— Этот-то хоть, по крайней мере, подходит, — пробормотал он.
Эрнотон вскочил в седло. Паж, не торопясь, но и не медля, двинулся вперед и уже смешался с толпой тех, кто ожидал, когда их впустят в город.
— Открыть ворота, — приказал Луаньяк, — и пропустить этих шестерых лиц и их спутников.
— Скорей, скорей, хозяин, — сказал паж, — не задерживайтесь.
Эрнотон опять подчинился влиянию, которое оказывал на него странный юноша. Ворота распахнулись, он пришпорил коня и, следуя указаниям пажа, углубился в Сент-Антуанское предместье.
Когда шестеро избранников вошли, Луаньяк велел запереть за ними ворота, к величайшему неудовольствию толпы, которая рассчитывала после окончания всех формальностей тоже попасть в город. Видя, что надежды ее не оправдались, она стала громко выражать свое возмущение.

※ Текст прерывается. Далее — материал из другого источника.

(* In the situation of Theorem 2 (a fully regular system $A(y)=b$ with $A=A_\ell\sigma^\ell+\dots+A_0$, $A_i\in\mathbb{F}[t]^{n\times n}$, $b\in\mathbb{F}[t]^n$, $\det A_\ell\neq 0$; a $P\in\mathrm{GL}_n(\mathbb{F}(t)[\sigma,\sigma^{-1}])$ with $PA=\sum_{i=0}^{\tilde\ell}\tilde A_i\sigma^i$, $\tilde A_i\in\mathbb{F}[t]^{n\times n}$, $P(b)\in\mathbb{F}[t]^n$, $\det\tilde A_0\ne0$; $m$ the common denominator of $A_\ell^{-1}$, $p$ the common denominator of $\tilde A_0^{-1}$; and a solution $y=d^{-1}z$ in reduced representation), one has $$\mathrm{disp}(\operatorname{ap}(d))\le\mathrm{disp}\big(\sigma^{-\ell}(\operatorname{ap}(m)),\operatorname{ap}(p)\big).$$
   Context: All fields contain $\mathbb{Q}$. $(\mathbb{F}(t),\sigma)$ is a $\Pi\Sigma$-extension of the difference field $(\mathbb{F},\sigma)$: $\sigma$ is an automorphism of the rational function field $\mathbb{F}(t)$ restricting to an automorphism of $\mathbb{F}$, with $\sigma(t)=t+\beta$ ($\beta\in\mathbb{F}\setminus\{0\}$, $\Sigma$-monomial) or $\sigma(t)=\alpha t$ ($\alpha\in\mathbb{F}\setminus\{0\}$, $\Pi$-monomial), and the fixed field of $\sigma$ on $\mathbb{F}(t)$ equals that on $\mathbb{F}$. For $a,b\in\mathbb{F}[t]\setminus\{0\}$: $\mathrm{spread}(a,b)=\{k\ge0:\gcd(a,\sigma^k(b))\notin\mathbb{F}\}$, $\mathrm{disp}(a,b)=\max\mathrm{spread}(a,b)$ ($\max\emptyset=-\infty$, max of infinite set $=\infty$), $\mathrm{disp}(a)=\mathrm{disp}(a,a)$. $\mathrm{per}(a)=1$ for a $\Sigma$-monomial, $t^\mu$ with $\mu$ maximal such that $t^\mu\mid a$ for a $\Pi$-monomial; $\operatorname{ap}(a)=a/\mathrm{per}(a)$. Reduced representation: $d\in\mathbb{F}[t]\setminus\{0\}$, $z\in\mathbb{F}[t]^n$, $\gcd(z_1,\dots,z_n,d)=1$. $\mathbb{F}(t)[\sigma]$ is the Ore polynomial ring with $\sigma a=\sigma(a)\sigma$, $\mathbb{F}(t)[\sigma,\sigma^{-1}]$ its localisation at powers of $\sigma$; operators act on $\mathbb{F}(t)$ by $(\sum a_i\sigma^i)(\alpha)=\sum a_i\sigma^i(\alpha)$ and operator matrices act on vectors entrywise as matrix–vector products; unimodular means invertible over the same ring. A square system $A(y)=b$ with $A=\sum_{i=0}^\ell A_i\sigma^i$ is fully regular if $\det A_\ell\ne0$ and there is a unimodular $P$ over $\mathbb{F}(t)[\sigma,\sigma^{-1}]$ with $PA\in\mathbb{F}(t)[\sigma]^{n\times n}$ having trailing coefficient matrix of nonzero determinant. *)

theory Defs
  imports "HOL-Computational_Algebra.Computational_Algebra" "HOL-Library.Extended_Real"
    "Jordan_Normal_Form.Determinant" "Jordan_Normal_Form.Gauss_Jordan_Elimination"
begin

text \<open>The ground field F is a type 'a of class field_char_0 (contains Q); F[t] = 'a poly,
  F(t) = 'a poly fract.  The difference operator sigma is an automorphism of F(t).\<close>

definition pf :: "'a::idom \<Rightarrow> 'a fract" where
  "pf p = Fract p 1"

definition Tvar :: "'a::field poly fract" where
  "Tvar = pf [:0, 1:]"

definition constF :: "'a::field poly fract set" where
  "constF = range (\<lambda>c. pf [:c:])"

definition is_field_aut :: "('k::field \<Rightarrow> 'k) \<Rightarrow> bool" where
  "is_field_aut \<sigma> \<longleftrightarrow> bij \<sigma> \<and> (\<forall>x y. \<sigma> (x + y) = \<sigma> x + \<sigma> y) \<and> (\<forall>x y. \<sigma> (x * y) = \<sigma> x * \<sigma> y)"

definition sigma_pow :: "('k \<Rightarrow> 'k) \<Rightarrow> int \<Rightarrow> 'k \<Rightarrow> 'k" where
  "sigma_pow \<sigma> k = (if k \<ge> 0 then \<sigma> ^^ nat k else (inv_into UNIV \<sigma>) ^^ nat (- k))"

definition Sigma_monomial :: "('a::field poly fract \<Rightarrow> 'a poly fract) \<Rightarrow> bool" where
  "Sigma_monomial \<sigma> \<longleftrightarrow> (\<exists>\<beta>. \<beta> \<noteq> 0 \<and> \<sigma> Tvar = Tvar + pf [:\<beta>:])"

definition Pi_monomial :: "('a::field poly fract \<Rightarrow> 'a poly fract) \<Rightarrow> bool" where
  "Pi_monomial \<sigma> \<longleftrightarrow> (\<exists>\<alpha>. \<alpha> \<noteq> 0 \<and> \<sigma> Tvar = pf [:\<alpha>:] * Tvar)"

definition PiSigma_ext :: "('a::field poly fract \<Rightarrow> 'a poly fract) \<Rightarrow> bool" where
  "PiSigma_ext \<sigma> \<longleftrightarrow> is_field_aut \<sigma> \<and> \<sigma> ` constF = constF
     \<and> (Sigma_monomial \<sigma> \<or> Pi_monomial \<sigma>)
     \<and> {x. \<sigma> x = x} = {x \<in> constF. \<sigma> x = x}"

text \<open>sigma^k applied to a polynomial (the result is again a polynomial).\<close>
definition sig_poly :: "('a::field poly fract \<Rightarrow> 'a poly fract) \<Rightarrow> int \<Rightarrow> 'a poly \<Rightarrow> 'a poly" where
  "sig_poly \<sigma> k p = (THE q. pf q = sigma_pow \<sigma> k (pf p))"

definition spread :: "('a::{field_gcd,field_char_0} poly fract \<Rightarrow> 'a poly fract) \<Rightarrow> 'a poly \<Rightarrow> 'a poly \<Rightarrow> nat set" where
  "spread \<sigma> a b = {k. degree (gcd a (sig_poly \<sigma> (int k) b)) \<noteq> 0}"

text \<open>max of the spread, with max {} = -infinity and max of an infinite set = infinity.\<close>
definition disp :: "('a::{field_gcd,field_char_0} poly fract \<Rightarrow> 'a poly fract) \<Rightarrow> 'a poly \<Rightarrow> 'a poly \<Rightarrow> ereal" where
  "disp \<sigma> a b = Sup ((\<lambda>k. ereal (real k)) ` spread \<sigma> a b)"

definition per :: "('a::field poly fract \<Rightarrow> 'a poly fract) \<Rightarrow> 'a poly \<Rightarrow> 'a poly" where
  "per \<sigma> a = (if Pi_monomial \<sigma> then [:0, 1:] ^ order 0 a else 1)"

definition ap :: "('a::field poly fract \<Rightarrow> 'a poly fract) \<Rightarrow> 'a poly \<Rightarrow> 'a poly" where
  "ap \<sigma> a = a div per \<sigma> a"

text \<open>Elements of F(t)[sigma, sigma^-1]: coefficient functions int => F(t) with finite support
  (L represents sum_i L i * sigma^i).  Operator matrices: nat => nat => (int => F(t)), indices < n.\<close>

definition ore_mult :: "('k::field \<Rightarrow> 'k) \<Rightarrow> (int \<Rightarrow> 'k) \<Rightarrow> (int \<Rightarrow> 'k) \<Rightarrow> (int \<Rightarrow> 'k)" where
  "ore_mult \<sigma> L1 L2 = (\<lambda>k. \<Sum>i\<in>{i. L1 i \<noteq> 0}. L1 i * sigma_pow \<sigma> i (L2 (k - i)))"

definition op_apply :: "('k::field \<Rightarrow> 'k) \<Rightarrow> (int \<Rightarrow> 'k) \<Rightarrow> 'k \<Rightarrow> 'k" where
  "op_apply \<sigma> L y = (\<Sum>i\<in>{i. L i \<noteq> 0}. L i * sigma_pow \<sigma> i y)"

definition omat_mult :: "('k::field \<Rightarrow> 'k) \<Rightarrow> nat \<Rightarrow> (nat \<Rightarrow> nat \<Rightarrow> int \<Rightarrow> 'k) \<Rightarrow> (nat \<Rightarrow> nat \<Rightarrow> int \<Rightarrow> 'k) \<Rightarrow> (nat \<Rightarrow> nat \<Rightarrow> int \<Rightarrow> 'k)" where
  "omat_mult \<sigma> n P Q = (\<lambda>r c k. \<Sum>l<n. ore_mult \<sigma> (P r l) (Q l c) k)"

definition omat_one :: "nat \<Rightarrow> nat \<Rightarrow> int \<Rightarrow> 'k::field" where
  "omat_one = (\<lambda>r c k. if r = c \<and> k = 0 then 1 else 0)"

definition omat_apply :: "('k::field \<Rightarrow> 'k) \<Rightarrow> nat \<Rightarrow> (nat \<Rightarrow> nat \<Rightarrow> int \<Rightarrow> 'k) \<Rightarrow> (nat \<Rightarrow> 'k) \<Rightarrow> (nat \<Rightarrow> 'k)" where
  "omat_apply \<sigma> n M y = (\<lambda>r. \<Sum>c<n. op_apply \<sigma> (M r c) (y c))"

definition finite_omat :: "nat \<Rightarrow> (nat \<Rightarrow> nat \<Rightarrow> int \<Rightarrow> 'k::field) \<Rightarrow> bool" where
  "finite_omat n M \<longleftrightarrow> (\<forall>r<n. \<forall>c<n. finite {k. M r c k \<noteq> 0})"

definition unimodular :: "('k::field \<Rightarrow> 'k) \<Rightarrow> nat \<Rightarrow> (nat \<Rightarrow> nat \<Rightarrow> int \<Rightarrow> 'k) \<Rightarrow> bool" where
  "unimodular \<sigma> n P \<longleftrightarrow> finite_omat n P \<and>
     (\<exists>Q. finite_omat n Q \<and> (\<forall>r<n. \<forall>c<n. omat_mult \<sigma> n P Q r c = omat_one r c
                                             \<and> omat_mult \<sigma> n Q P r c = omat_one r c))"

definition poly_omat :: "nat \<Rightarrow> (nat \<Rightarrow> nat \<Rightarrow> nat \<Rightarrow> 'a::idom) \<Rightarrow> (nat \<Rightarrow> nat \<Rightarrow> int \<Rightarrow> 'a fract)" where
  "poly_omat l C = (\<lambda>r c k. if 0 \<le> k \<and> k \<le> int l then pf (C (nat k) r c) else 0)"

definition pmat :: "nat \<Rightarrow> (nat \<Rightarrow> nat \<Rightarrow> 'a) \<Rightarrow> 'a mat" where
  "pmat n M = mat n n (\<lambda>(r, c). M r c)"

definition common_denom :: "nat \<Rightarrow> 'a::idom fract mat \<Rightarrow> 'a \<Rightarrow> bool" where
  "common_denom n M m \<longleftrightarrow> m \<noteq> 0 \<and> (\<forall>r<n. \<forall>c<n. \<exists>q. pf m * M $$ (r, c) = pf q)"

definition the_common_denom :: "nat \<Rightarrow> 'a::idom fract mat \<Rightarrow> 'a \<Rightarrow> bool" where
  "the_common_denom n M m \<longleftrightarrow> common_denom n M m \<and> (\<forall>m'. common_denom n M m' \<longrightarrow> m dvd m')"

end

theory Submission
  imports Defs
begin

text \<open>Let an irreducible \<open>f\<close> divide \<open>ap(d)\<close> together with its shift \<open>\<sigma>^k f\<close>. Since \<open>f\<close> does
  not divide \<open>per\<close>, it is aperiodic (by Karr's theorem on semi-invariant polynomials), so only
  finitely many shifts of \<open>f\<close> divide \<open>d\<close>; renaming the lowest one \<open>f\<close>, the shifts \<open>\<sigma>^j f\<close>
  dividing \<open>d\<close> are those with \<open>0 \<le> j \<le> K\<close> for some \<open>K \<ge> k\<close>, both ends being attained.
  Clearing the denominators \<open>\<sigma>^i d\<close> of \<open>\<sigma>^i y\<close> for \<open>i < l\<close> and solving for the leading term with
  \<open>A_l\<^sup>-\<^sup>1\<close> gives \<open>\<sigma>^l d | m (\<Prod>_{i<l} \<sigma>^i d) \<sigma>^l z_c\<close>; doing the same for \<open>PA\<close> and its trailing
  coefficient gives \<open>d | p (\<Prod>_{1\<le>i} \<sigma>^i d) z_c\<close>. By reducedness some \<open>z_c\<close> is not divisible by
  \<open>\<sigma>^K f\<close> (resp. \<open>f\<close>), and by extremality no other factor on the right is, so \<open>\<sigma>^(K+l) f | m\<close>
  and \<open>f | p\<close>. Being coprime to \<open>per\<close>, these factors divide \<open>ap(m)\<close> and \<open>ap(p)\<close>, whence
  \<open>K \<in> spread(\<sigma>^-l ap(m), ap(p))\<close>.\<close>

section \<open>Polynomials inside the rational function field\<close>

lemma pf_add [simp]: "pf (a + b) = pf a + pf b"
  by (simp add: pf_def)

lemma pf_mult [simp]: "pf (a * b) = pf a * pf b"
  by (simp add: pf_def)

lemma pf_0 [simp]: "pf 0 = 0"
  by (simp add: pf_def Zero_fract_def)

lemma pf_1 [simp]: "pf 1 = 1"
  by (simp add: pf_def One_fract_def)

lemma pf_eq_iff [simp]: "pf a = pf b \<longleftrightarrow> a = b"
  by (simp add: pf_def eq_fract)

lemma pf_eq_0_iff [simp]: "pf a = 0 \<longleftrightarrow> a = 0"
  by (metis pf_0 pf_eq_iff)

interpretation pf: inj_comm_ring_hom "pf :: 'a::idom \<Rightarrow> 'a fract"
  by unfold_locales auto

lemma pf_div_in_range_iff:
  assumes "b \<noteq> 0"
  shows "pf a / pf b \<in> range pf \<longleftrightarrow> b dvd a"
proof
  assume "pf a / pf b \<in> range pf"
  then obtain q where "pf a / pf b = pf q" by auto
  then have "pf a = pf q * pf b" using assms by (simp add: divide_eq_eq)
  then show "b dvd a" by (metis pf_mult pf_eq_iff dvd_triv_right)
next
  assume "b dvd a"
  then obtain q where "a = b * q" ..
  then show "pf a / pf b \<in> range pf" using assms by simp
qed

После стремительной пробежки через пустырь мэтр Митон мало-помалу обрел мужество и, осторожно ступая, как бы нащупывая при каждом шаге почву, возвратился в конце концов на то самое место, откуда начал свой бег. Теперь он решился вслух пожаловаться на солдатню, беззастенчиво преградившую людям путь в город.
Мэтр Фриар, разыскавший жену, под защитой которой он, видимо, уже ничего не боялся, сообщал дражайшей половине новости дня, сопровождая их собственными комментариями.
Наконец всадники, одного из которых юный паж назвал Мейнвилем, стали держать совет, не обогнуть ли им крепостную стену, в небезосновательном расчете на то, что там может найтись какой-нибудь проход; через него они, пожалуй, проникнут в Париж, избежав обязательной проверки у Сент-Антуанских или иных ворот.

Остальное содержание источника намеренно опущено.